→ INSTRUCTIONS TO FOLLOW
Among the entries below, only the lines starting at the one with "unfolding g_def p_def" and ending at the one with "using mu C by (simp add: t_def", both included, are to be printed exactly.

→ SOURCE DATA
Segment Open

lemma f_mu_coordinate_descent:
  fixes A :: "nat \<Rightarrow> nat \<Rightarrow> real" and x :: "nat \<Rightarrow> real"
  assumes mu: "0 < mu" and i: "i < n" and C: "0 < C"
    and col: "\<forall>j<m. 0 \<le> A j i \<and> A j i \<le> C" and \<theta>: "0 \<le> \<theta>" "\<theta> \<le> 1"
  defines "g \<equiv> partial (f_mu A m n mu) i x"
  defines "t \<equiv> \<theta> * clamp (-1) 1 g * mu / (4 * C)"
  shows "1/2 * (\<Sum>l<n. partial (f_mu A m n mu) l x * (x l - (x(i := x i - t)) l))
    \<le> f_mu A m n mu x - f_mu A m n mu (x(i := x i - t))"
proof -
  define b where "b j = (1 - Amul A n x j) / mu" for j
  define p where "p = (\<Sum>j<m. A j i * exp (b j))"
  define \<xi> where "\<xi> = clamp (-1) 1 g"
  have p: "0 \<le> p"
    unfolding p_def using col by (intro sum_nonneg) auto
  have g: "g = 1 - p"
    unfolding g_def p_def b_def using partial_f_mu[OF i] mu by simp
  have "\<bar>\<xi>\<bar> \<le> 1"
    by (simp add: \<xi>_def clamp_def)
  then have "\<theta> * \<bar>\<xi>\<bar> \<le> 1"
    using \<theta> by (simp add: mult_le_one)
  then have small: "C * \<bar>t\<bar> \<le> mu"
    using mu C \<theta> by (simp add: t_def \<xi>_def[symmetric] abs_mult field_simps)
  have "f_mu A m n mu (x(i := x i - t)) - f_mu A m n mu x
      = - t + mu * (\<Sum>j<m. exp (b j + A j i * t / mu)) - mu * (\<Sum>j<m. exp (b j))"
    using f_mu_fun_upd[OF i, of A m mu x "- t"] f_mu_fun_upd[OF i, of A m mu x 0]
    by (simp add: b_def)
  also have "\<dots> \<le> - g * t + t\<^sup>2 / mu * C * p"
    using sum_exp_shift_le[OF mu col small, of b] by (simp add: g p_def algebra_simps)
  also have "\<dots> = - g * t / 2 + \<theta> * mu / (16 * C) * (\<theta> * \<xi>\<^sup>2 * p - 2 * g * \<xi>)"
    using mu C by (simp add: t_def \<xi>_def field_simps power2_eq_square)
  also have "\<dots> \<le> - g * t / 2"
  proof -
    have "\<theta> * \<xi>\<^sup>2 * p \<le> \<xi>\<^sup>2 * p"
      using \<theta> p by (simp add: mult_left_le_one_le mult.assoc)
    also have "\<dots> \<le> 2 * g * \<xi>"
      using clamp_sq_mul_le[of g] g p by (simp add: \<xi>_def)
    finally have "\<theta> * \<xi>\<^sup>2 * p \<le> 2 * g * \<xi>" .
    then have "\<theta> * mu / (16 * C) * (\<theta> * \<xi>\<^sup>2 * p - 2 * g * \<xi>) \<le> 0"
      using mu C \<theta> by (intro mult_nonneg_nonpos) auto
    then show ?thesis by simp
  qed
  finally have "g * t / 2 \<le> f_mu A m n mu x - f_mu A m n mu (x(i := x i - t))"
    by simp
  moreover have "(\<Sum>l<n. partial (f_mu A m n mu) l x * (x l - (x(i := x i - t)) l)) = g * t"
    unfolding g_def by (rule sum_mul_diff_fun_upd[OF i])
  ultimately show ?thesis by simp
qed

lemma colmax_ge: "j < m \<Longrightarrow> A j l \<le> colmax A m l"
  unfolding colmax_def by (intro Max_ge) auto

lemma colmax_pos:
  assumes "\<forall>j<m. 0 \<le> A j l" and "\<exists>j<m. A j l \<noteq> 0"
  shows "0 < colmax A m l"
  using assms colmax_ge by (metis less_eq_real_def order_less_le_trans)

lemma snd_alg_state_in_Delta:
  assumes nonneg: "\<forall>j<m. \<forall>l<n. 0 \<le> A j l" and m: "0 < m" and start: "xs \<in> Delta A m n"
  shows "snd (alg_state A m n eps xs c k) \<in> Delta A m n"
proof (induction k)
  case 0
  then show ?case using start by simp
next
  case (Suc k)
  have "0 \<le> 3 / colmax A m l" if "l < n" for l
    using colmax_ge[OF m, of A l] nonneg m that
    by (meson divide_nonneg_nonneg order_trans zero_le_numeral)
  then show ?case
    using Suc by (auto simp: Delta_def alg_step_def Let_def clamp_def)
qed

lemma fst_alg_step_eq:
  fixes A :: "nat \<Rightarrow> nat \<Rightarrow> real" and m n k i :: nat and eps :: real
    and s :: "(nat \<Rightarrow> real) \<times> (nat \<Rightarrow> real)"
  defines "x \<equiv> x_of m n eps s" and "mu \<equiv> mu_par m n eps" and "C \<equiv> colmax A m i"
  defines "\<xi> \<equiv> clamp (-1) 1 (partial (f_mu A m n mu) i x)"
  assumes mu: "0 < mu" and C: "0 < C" and z: "0 \<le> snd s i" "snd s i \<le> 3 / C"
  obtains \<theta> where "0 \<le> \<theta>" "\<theta> \<le> 1"
    "fst (alg_step A m n eps k i s) = x(i := x i - \<theta> * \<xi> * mu / (4 * C))"
proof -
  define a where "a = alpha_k m n eps k"
  define z where "z = snd s"
  obtain \<theta> where \<theta>: "0 \<le> \<theta>" "\<theta> \<le> 1"
    and proj: "clamp 0 (3 / C) (z i - real n * a * \<xi> / C) - z i = \<theta> * (- (real n * a * \<xi> / C))"
    using clamp_sub_eq_scaled[OF z, of "z i - real n * a * \<xi> / C"] by (auto simp: z_def)
  have y: "fst (alg_step A m n eps k i s) = x(i := x i
      + (clamp 0 (3 / C) (z i - real n * a * \<xi> / C) - z i) / (real n * a * L_par m n eps))"
    by (auto simp: alg_step_def Let_def x_def mu_def C_def \<xi>_def a_def z_def)
  show ?thesis
  proof (cases "real n * a = 0")
    case True
    \<comment> \<open>junk case: alpha_k is a division by 0 when tau = 1; then y = x\<close>
    then have "real n * a * L_par m n eps = 0" by simp
    then have "fst (alg_step A m n eps k i s) = x"
      unfolding y by (simp only: div_by_0 add_0_right fun_upd_triv)
    then show ?thesis using that[of 0] by simp
  next
    case False
    then have "(clamp 0 (3 / C) (z i - real n * a * \<xi> / C) - z i) / (real n * a * L_par m n eps)
        = - (\<theta> * \<xi> * mu / (4 * C))"
      unfolding proj using mu C by (simp add: L_par_def mu_def[symmetric] field_simps)
    then show ?thesis
      using that[OF \<theta>] y by simp
  qed
qed
lemma star_wzf_forcers_centre:
  assumes "S \<subseteq> {1..n}" "{1..n} - S = {k}"
  shows "wzf_forcers (star_V n) (star_E n) (insert 0 S) v = (if v = k then {0} else {})"
proof -
  have "{x \<in> star_V n. star_E n 0 x \<and> x \<notin> insert 0 S} = {k}"
    using assms(2) unfolding star_white_neighbours_centre by auto
  moreover have "{x \<in> star_V n. star_E n u x \<and> x \<notin> insert 0 S} = {}" if "u \<in> S" for u
  proof -
    have u: "u \<in> {1..n}"
      using that assms(1) by auto
    show ?thesis
      unfolding star_white_neighbours_leaf[OF u] by auto
  qed
  ultimately show ?thesis
    unfolding wzf_forcers_def by auto
qed

lemma zf_step_eq_forcers: "zf_step V E S = S \<union> {v. wzf_forcers V E S v \<noteq> {}}"
  unfolding zf_step_def wzf_forcers_def by auto

lemma star_zf_step_keeps_two_white_leaves:
  assumes "a \<in> {1..n}" "b \<in> {1..n}" "a \<noteq> b" "a \<notin> S" "b \<notin> S"
  shows "a \<notin> zf_step (star_V n) (star_E n) S"
proof
  assume "a \<in> zf_step (star_V n) (star_E n) S"
  then obtain u where "u \<in> S" and white: "{x \<in> star_V n. star_E n u x \<and> x \<notin> S} = {a}"
    using assms(4) unfolding zf_step_def by blast
  then have "star_E n u a"
    by blast
  then have "u = 0"
    using assms(1) by (auto simp: star_E_def)
  then have "b \<in> {x \<in> star_V n. star_E n u x \<and> x \<notin> S}"
    using assms(2,5) by (auto simp: star_V_def star_E_def)
  then show False
    using white assms(3) by (metis singletonD)
qed

lemma star_zero_forcing_set_white_leaves:
  assumes "zero_forcing_set (star_V n) (star_E n) B"
  shows "card ({1..n} - B) \<le> 1"
proof (rule ccontr)
  assume "\<not> card ({1..n} - B) \<le> 1"
  then obtain a b where ab: "a \<in> {1..n} - B" "b \<in> {1..n} - B" "a \<noteq> b"
    using card_le_Suc0_iff_eq[of "{1..n} - B"] by auto
  have stay_white: "a \<notin> (zf_step (star_V n) (star_E n) ^^ j) B \<and> b \<notin> (zf_step (star_V n) (star_E n) ^^ j) B" for j
    by (induction j) (use ab star_zf_step_keeps_two_white_leaves in auto)
  obtain j where "(zf_step (star_V n) (star_E n) ^^ j) B = star_V n"
    using assms unfolding zero_forcing_set_def by blast
  then show False
    using stay_white[of j] ab by (auto simp: star_V_def)
qed
definition cond_indep_given ::
  "'a measure \<Rightarrow> ('a \<Rightarrow> 'z) \<Rightarrow> 'z measure \<Rightarrow> ('a \<Rightarrow> 'y) \<Rightarrow> 'y measure \<Rightarrow> ('a \<Rightarrow> 'b) \<Rightarrow> 'b measure \<Rightarrow> bool" where
  "cond_indep_given M Z N Y NY A NA \<longleftrightarrow>
     (\<forall>g h. g \<in> borel_measurable NY \<longrightarrow> h \<in> borel_measurable NA \<longrightarrow>
        (\<exists>B. \<forall>y. \<bar>g y\<bar> \<le> B) \<longrightarrow> (\<exists>B. \<forall>b. \<bar>h b\<bar> \<le> B) \<longrightarrow>
        (AE \<omega> in M. cexp M Z N (\<lambda>\<omega>. g (Y \<omega>) * h (A \<omega>)) \<omega>
                    = cexp M Z N (\<lambda>\<omega>. g (Y \<omega>)) \<omega> * cexp M Z N (\<lambda>\<omega>. h (A \<omega>)) \<omega>))"

text \<open>delta_R(Z) = E[R | Z, A = 1] - E[R | Z, A = -1], with
  E[R | Z, A = a] = E[R I(A = a) | Z] / P(A = a | Z).\<close>
definition deltaR :: "'a measure \<Rightarrow> ('a \<Rightarrow> 'z) \<Rightarrow> 'z measure \<Rightarrow> ('a \<Rightarrow> int) \<Rightarrow> ('a \<Rightarrow> real) \<Rightarrow> 'a \<Rightarrow> real" where
  "deltaR M Z N A R \<omega> =
     cexp M Z N (\<lambda>\<omega>. R \<omega> * (if A \<omega> = 1 then 1 else 0)) \<omega> / cexp M Z N (\<lambda>\<omega>. if A \<omega> = 1 then 1 else 0) \<omega>
   - cexp M Z N (\<lambda>\<omega>. R \<omega> * (if A \<omega> = -1 then 1 else 0)) \<omega> / cexp M Z N (\<lambda>\<omega>. if A \<omega> = -1 then 1 else 0) \<omega>"

definition pi_SL :: "'a measure \<Rightarrow> ('a \<Rightarrow> nat) \<Rightarrow> ('a \<Rightarrow> 'l) \<Rightarrow> nat \<Rightarrow> 'l \<Rightarrow> real" where
  "pi_SL M S L s l = cprob M {\<omega> \<in> space M. S \<omega> = s} {\<omega> \<in> space M. L \<omega> = l}"

definition psi :: "'a measure \<Rightarrow> ('a \<Rightarrow> nat) \<Rightarrow> ('a \<Rightarrow> 'l) \<Rightarrow> 'l \<Rightarrow> 'a \<Rightarrow> real" where
  "psi M S L l \<omega> = (if S \<omega> = 1 then 1 / pi_SL M S L 1 l else 0) - (if S \<omega> = 0 then 1 / pi_SL M S L 0 l else 0)"

text \<open>Value V(D) = E[R(D)] with potential outcomes R(1) = R1, R(-1) = Rm1.\<close>
definition value_fun :: "'a measure \<Rightarrow> ('a \<Rightarrow> 'z) \<Rightarrow> ('a \<Rightarrow> real) \<Rightarrow> ('a \<Rightarrow> real) \<Rightarrow> ('z \<Rightarrow> int) \<Rightarrow> real" where
  "value_fun M Z R1 Rm1 D =
     (\<integral>\<omega>. R1 \<omega> * (if D (Z \<omega>) = 1 then 1 else 0) + Rm1 \<omega> * (if D (Z \<omega>) = -1 then 1 else 0) \<partial>M)"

Segment Closed

→ FINISHED TASK
    unfolding g_def p_def b_def using partial_f_mu[OF i] mu by simp
  have "\<bar>\<xi>\<bar> \<le> 1"
    by (simp add: \<xi>_def clamp_def)
  then have "\<theta> * \<bar>\<xi>\<bar> \<le> 1"
    using \<theta> by (simp add: mult_le_one)
  then have small: "C * \<bar>t\<bar> \<le> mu"
    using mu C \<theta> by (simp add: t_def \<xi>_def[symmetric] abs_mult field_simps)
  have "f_mu A m n mu (x(i := x i - t)) - f_mu A m n mu x
      = - t + mu * (\<Sum>j<m. exp (b j + A j i * t / mu)) - mu * (\<Sum>j<m. exp (b j))"
    using f_mu_fun_upd[OF i, of A m mu x "- t"] f_mu_fun_upd[OF i, of A m mu x 0]
    by (simp add: b_def)
  also have "\<dots> \<le> - g * t + t\<^sup>2 / mu * C * p"
    using sum_exp_shift_le[OF mu col small, of b] by (simp add: g p_def algebra_simps)
  also have "\<dots> = - g * t / 2 + \<theta> * mu / (16 * C) * (\<theta> * \<xi>\<^sup>2 * p - 2 * g * \<xi>)"
    using mu C by (simp add: t_def \<xi>_def field_simps power2_eq_square)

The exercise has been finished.